### [EXERCISE]
When you transcribe the records that follow, reproduce each line exactly as given.

[Collected data entries]

□ □ □

(* Let $X=X_1\times\cdots\times X_n$ be a finite product space, $\theta:X\to\mathbb{R}\cup\{-\infty\}$ a potential function with $Z=\sum_x\exp(\theta(x))>0$, and $p(x)=\exp(\theta(x))/Z$ the Gibbs distribution. Let $\{\gamma_i(x_i)\}_{i,\,x_i\in X_i}$ be i.i.d. random variables following the zero-mean Gumbel distribution. Consider the following procedure (one pass): for $j=1,\dots,n$, with $x_1,\dots,x_{j-1}$ already fixed, set for each $x_j\in X_j$ $$p_j(x_j)=\frac{\exp\big(E_\gamma\big[\max_{x_{j+1},\dots,x_n}\{\theta(x)+\sum_{i=j+1}^n\gamma_i(x_i)\}\big]\big)}{\exp\big(E_\gamma\big[\max_{x_j,\dots,x_n}\{\theta(x)+\sum_{i=j}^n\gamma_i(x_i)\}\big]\big)},$$ set $p_j(r)=1-\sum_{x_j}p_j(x_j)$ for an extra symbol $r$, and sample an element from $p_j(\cdot)$; if $r$ is sampled the pass rejects (and the algorithm restarts with $j=1$), otherwise the sampled $x_j$ is fixed and the iteration continues; if the pass reaches $j=n$ without rejection, it accepts and outputs $(x_1,\dots,x_n)$. Then for every $x\in X$, $$P\big[\text{the algorithm outputs }x\;\big|\;\text{the algorithm accepts}\big]=p(x).$$
   Context: The zero-mean Gumbel distribution is the distribution with cumulative distribution function $F(t)=\exp(-\exp(-(t+c)))$, where $c$ is the Euler constant. The expectations $E_\gamma$ in $p_j$ are exact expectations over the Gumbel perturbations (the quantities $p_j(\cdot)$ are deterministic given $x_1,\dots,x_{j-1}$); the only randomness in the procedure is the sampling from $p_j(\cdot)$. *)

theory Defs
  imports "HOL-Probability.Probability"
begin
(* Let $\Bbbk$ be a field, let $\mathrm{Var}$ be a variety of $\Bbbk$-algebras with one binary product defined by polylinear identities, and $\text{tri-}\mathrm{Var}$ the corresponding replicated variety of tri-algebras. Let $X$ be a set, $\dot X$ a disjoint copy of $X$, $F=\mathrm{Var}\langle X\cup\dot X\rangle$, $\varphi:F\to F$ the algebra homomorphism with $\varphi(x)=\varphi(\dot x)=x$, $F^{(3)}$ the space $F$ with operations $f\vdash g=\varphi(f)g$, $f\dashv g=f\varphi(g)$, $f\perp g=fg$, and $V$ the subalgebra of $F^{(3)}$ generated by $\dot X$ (so that $V\cong \text{tri-}\mathrm{Var}\langle X\rangle$ via $\dot x\leftrightarrow x$). Let $S\subseteq V$, and let $(S)^{(3)}$ denote the ideal of the tri-algebra $V$ generated by $S$ (the smallest subspace of $V$ containing $S$ and closed under $v* j$ and $j* v$ for $v\in V$, $j$ in it, $*\in\{\vdash,\dashv,\perp\}$). Then $$(S)^{(3)}=(S\cup\varphi(S))\cap V,$$ where $(P)$ denotes the (two-sided) ideal of the algebra $F$ generated by a subset $P\subseteq F$.
   Context: Tri-algebras: linear spaces with three bilinear operations $\dashv$ (=$\mu_{\{1\}}$), $\vdash$ (=$\mu_{\{2\}}$), $\perp$ (=$\mu_{\{1,2\}}$). For a polylinear $\Phi(x_1,\dots,x_n)$ in the free algebra with one binary operation $\mu$ and nonempty $H\subseteq\{1,\dots,n\}$, $\Phi_H$ is obtained by viewing each monomial as a binary tree, marking leaves $x_i$, $i\in H$, and replacing $\mu$ at each node by $\mu_S$, $S\subseteq\{1,2\}$ the set of branches containing a marked leaf (by $\mu_{\{1\}}$ if $S=\varnothing$). $\text{tri-}\mathrm{Var}$ consists of tri-algebras satisfying $(a* b)\vdash c=(a\star b)\vdash c$, $a\dashv(b* c)=a\dashv(b\star c)$ for all $*,\star\in\{\vdash,\dashv,\perp\}$, and $\Phi_H=0$ for each defining identity $\Phi$ of $\mathrm{Var}$ and each nonempty $H$. *)

theory Defs
  imports Main "HOL-Library.Poly_Mapping"
begin

text \<open>Nonassociative monomials = binary trees with leaves labelled by variables.\<close>
datatype 'v mon = Lf 'v | Nd "'v mon" "'v mon"

fun leaves :: "'v mon \<Rightarrow> 'v list" where
  "leaves (Lf v) = [v]"
| "leaves (Nd a b) = leaves a @ leaves b"

type_synonym ('v,'k) nfree = "'v mon \<Rightarrow>\<^sub>0 'k"

definition nsmult :: "'k::field \<Rightarrow> ('v,'k) nfree \<Rightarrow> ('v,'k) nfree" where
  "nsmult c p = Poly_Mapping.map (\<lambda>a. c * a) p"
lemma dist_arc_param_le_beyond:
  assumes "arc_length g 0 \<le> \<sigma>" "u \<in> {0..1}" "arc_param \<sigma> < u" "arc_length g u \<le> \<sigma>'"
  shows "norm (g u - g (arc_param \<sigma>)) \<le> \<sigma>' - \<sigma>"
proof -
  let ?T = "arc_param \<sigma>"
  have cl: "closure {?T<..<u} = {?T..u}" using assms(3) by simp
  have "{?T..u} \<subseteq> {0..1}" using assms(2) arc_param_bounds(2)[OF assms(1)] by auto
  then have "continuous_on (closure {?T<..<u}) (\<lambda>w. norm (g u - g w))"
    unfolding cl by (intro continuous_intros continuous_on_subset[OF continuous_on_path])
  then show ?thesis
  proof (rule continuous_le_on_closure)
    show "?T \<in> closure {?T<..<u}" using cl assms(3) by simp
    fix w assume w: "w \<in> {?T<..<u}"
    then have w01: "0 \<le> w" "w \<le> u" "u \<le> 1"
      using assms(2) arc_param_bounds(2)[OF assms(1)] by auto
    have "\<sigma> < arc_length g w" using arc_param_bounds(4)[OF assms(1)] w w01 by auto
    with arc_length_add_norm_le[OF w01] assms(4)
    show "norm (g u - g w) \<le> \<sigma>' - \<sigma>" by linarith
  qed
qed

□ □ □

### [WRITTEN ANSWER]
(* Let $X=X_1\times\cdots\times X_n$ be a finite product space, $\theta:X\to\mathbb{R}\cup\{-\infty\}$ a potential function with $Z=\sum_x\exp(\theta(x))>0$, and $p(x)=\exp(\theta(x))/Z$ the Gibbs distribution. Let $\{\gamma_i(x_i)\}_{i,\,x_i\in X_i}$ be i.i.d. random variables following the zero-mean Gumbel distribution. Consider the following procedure (one pass): for $j=1,\dots,n$, with $x_1,\dots,x_{j-1}$ already fixed, set for each $x_j\in X_j$ $$p_j(x_j)=\frac{\exp\big(E_\gamma\big[\max_{x_{j+1},\dots,x_n}\{\theta(x)+\sum_{i=j+1}^n\gamma_i(x_i)\}\big]\big)}{\exp\big(E_\gamma\big[\max_{x_j,\dots,x_n}\{\theta(x)+\sum_{i=j}^n\gamma_i(x_i)\}\big]\big)},$$ set $p_j(r)=1-\sum_{x_j}p_j(x_j)$ for an extra symbol $r$, and sample an element from $p_j(\cdot)$; if $r$ is sampled the pass rejects (and the algorithm restarts with $j=1$), otherwise the sampled $x_j$ is fixed and the iteration continues; if the pass reaches $j=n$ without rejection, it accepts and outputs $(x_1,\dots,x_n)$. Then for every $x\in X$, $$P\big[\text{the algorithm outputs }x\;\big|\;\text{the algorithm accepts}\big]=p(x).$$
   Context: The zero-mean Gumbel distribution is the distribution with cumulative distribution function $F(t)=\exp(-\exp(-(t+c)))$, where $c$ is the Euler constant. The expectations $E_\gamma$ in $p_j$ are exact expectations over the Gumbel perturbations (the quantities $p_j(\cdot)$ are deterministic given $x_1,\dots,x_{j-1}$); the only randomness in the procedure is the sampling from $p_j(\cdot)$. *)

theory Defs
  imports "HOL-Probability.Probability"
begin
(* Let $\Bbbk$ be a field, let $\mathrm{Var}$ be a variety of $\Bbbk$-algebras with one binary product defined by polylinear identities, and $\text{tri-}\mathrm{Var}$ the corresponding replicated variety of tri-algebras. Let $X$ be a set, $\dot X$ a disjoint copy of $X$, $F=\mathrm{Var}\langle X\cup\dot X\rangle$, $\varphi:F\to F$ the algebra homomorphism with $\varphi(x)=\varphi(\dot x)=x$, $F^{(3)}$ the space $F$ with operations $f\vdash g=\varphi(f)g$, $f\dashv g=f\varphi(g)$, $f\perp g=fg$, and $V$ the subalgebra of $F^{(3)}$ generated by $\dot X$ (so that $V\cong \text{tri-}\mathrm{Var}\langle X\rangle$ via $\dot x\leftrightarrow x$). Let $S\subseteq V$, and let $(S)^{(3)}$ denote the ideal of the tri-algebra $V$ generated by $S$ (the smallest subspace of $V$ containing $S$ and closed under $v* j$ and $j* v$ for $v\in V$, $j$ in it, $*\in\{\vdash,\dashv,\perp\}$). Then $$(S)^{(3)}=(S\cup\varphi(S))\cap V,$$ where $(P)$ denotes the (two-sided) ideal of the algebra $F$ generated by a subset $P\subseteq F$.
   Context: Tri-algebras: linear spaces with three bilinear operations $\dashv$ (=$\mu_{\{1\}}$), $\vdash$ (=$\mu_{\{2\}}$), $\perp$ (=$\mu_{\{1,2\}}$). For a polylinear $\Phi(x_1,\dots,x_n)$ in the free algebra with one binary operation $\mu$ and nonempty $H\subseteq\{1,\dots,n\}$, $\Phi_H$ is obtained by viewing each monomial as a binary tree, marking leaves $x_i$, $i\in H$, and replacing $\mu$ at each node by $\mu_S$, $S\subseteq\{1,2\}$ the set of branches containing a marked leaf (by $\mu_{\{1\}}$ if $S=\varnothing$). $\text{tri-}\mathrm{Var}$ consists of tri-algebras satisfying $(a* b)\vdash c=(a\star b)\vdash c$, $a\dashv(b* c)=a\dashv(b\star c)$ for all $*,\star\in\{\vdash,\dashv,\perp\}$, and $\Phi_H=0$ for each defining identity $\Phi$ of $\mathrm{Var}$ and each nonempty $H$. *)

theory Defs
  imports Main "HOL-Library.Poly_Mapping"
begin

text \<open>Nonassociative monomials = binary trees with leaves labelled by variables.\<close>
datatype 'v mon = Lf 'v | Nd "'v mon" "'v mon"

fun leaves :: "'v mon \<Rightarrow> 'v list" where
  "leaves (Lf v) = [v]"
| "leaves (Nd a b) = leaves a @ leaves b"

type_synonym ('v,'k) nfree = "'v mon \<Rightarrow>\<^sub>0 'k"

definition nsmult :: "'k::field \<Rightarrow> ('v,'k) nfree \<Rightarrow> ('v,'k) nfree" where
  "nsmult c p = Poly_Mapping.map (\<lambda>a. c * a) p"
lemma dist_arc_param_le_beyond:
  assumes "arc_length g 0 \<le> \<sigma>" "u \<in> {0..1}" "arc_param \<sigma> < u" "arc_length g u \<le> \<sigma>'"
  shows "norm (g u - g (arc_param \<sigma>)) \<le> \<sigma>' - \<sigma>"
proof -
  let ?T = "arc_param \<sigma>"
  have cl: "closure {?T<..<u} = {?T..u}" using assms(3) by simp
  have "{?T..u} \<subseteq> {0..1}" using assms(2) arc_param_bounds(2)[OF assms(1)] by auto
  then have "continuous_on (closure {?T<..<u}) (\<lambda>w. norm (g u - g w))"
    unfolding cl by (intro continuous_intros continuous_on_subset[OF continuous_on_path])
  then show ?thesis
  proof (rule continuous_le_on_closure)
    show "?T \<in> closure {?T<..<u}" using cl assms(3) by simp
    fix w assume w: "w \<in> {?T<..<u}"
    then have w01: "0 \<le> w" "w \<le> u" "u \<le> 1"
      using assms(2) arc_param_bounds(2)[OF assms(1)] by auto
    have "\<sigma> < arc_length g w" using arc_param_bounds(4)[OF assms(1)] w w01 by auto
    with arc_length_add_norm_le[OF w01] assms(4)
    show "norm (g u - g w) \<le> \<sigma>' - \<sigma>" by linarith
  qed
qed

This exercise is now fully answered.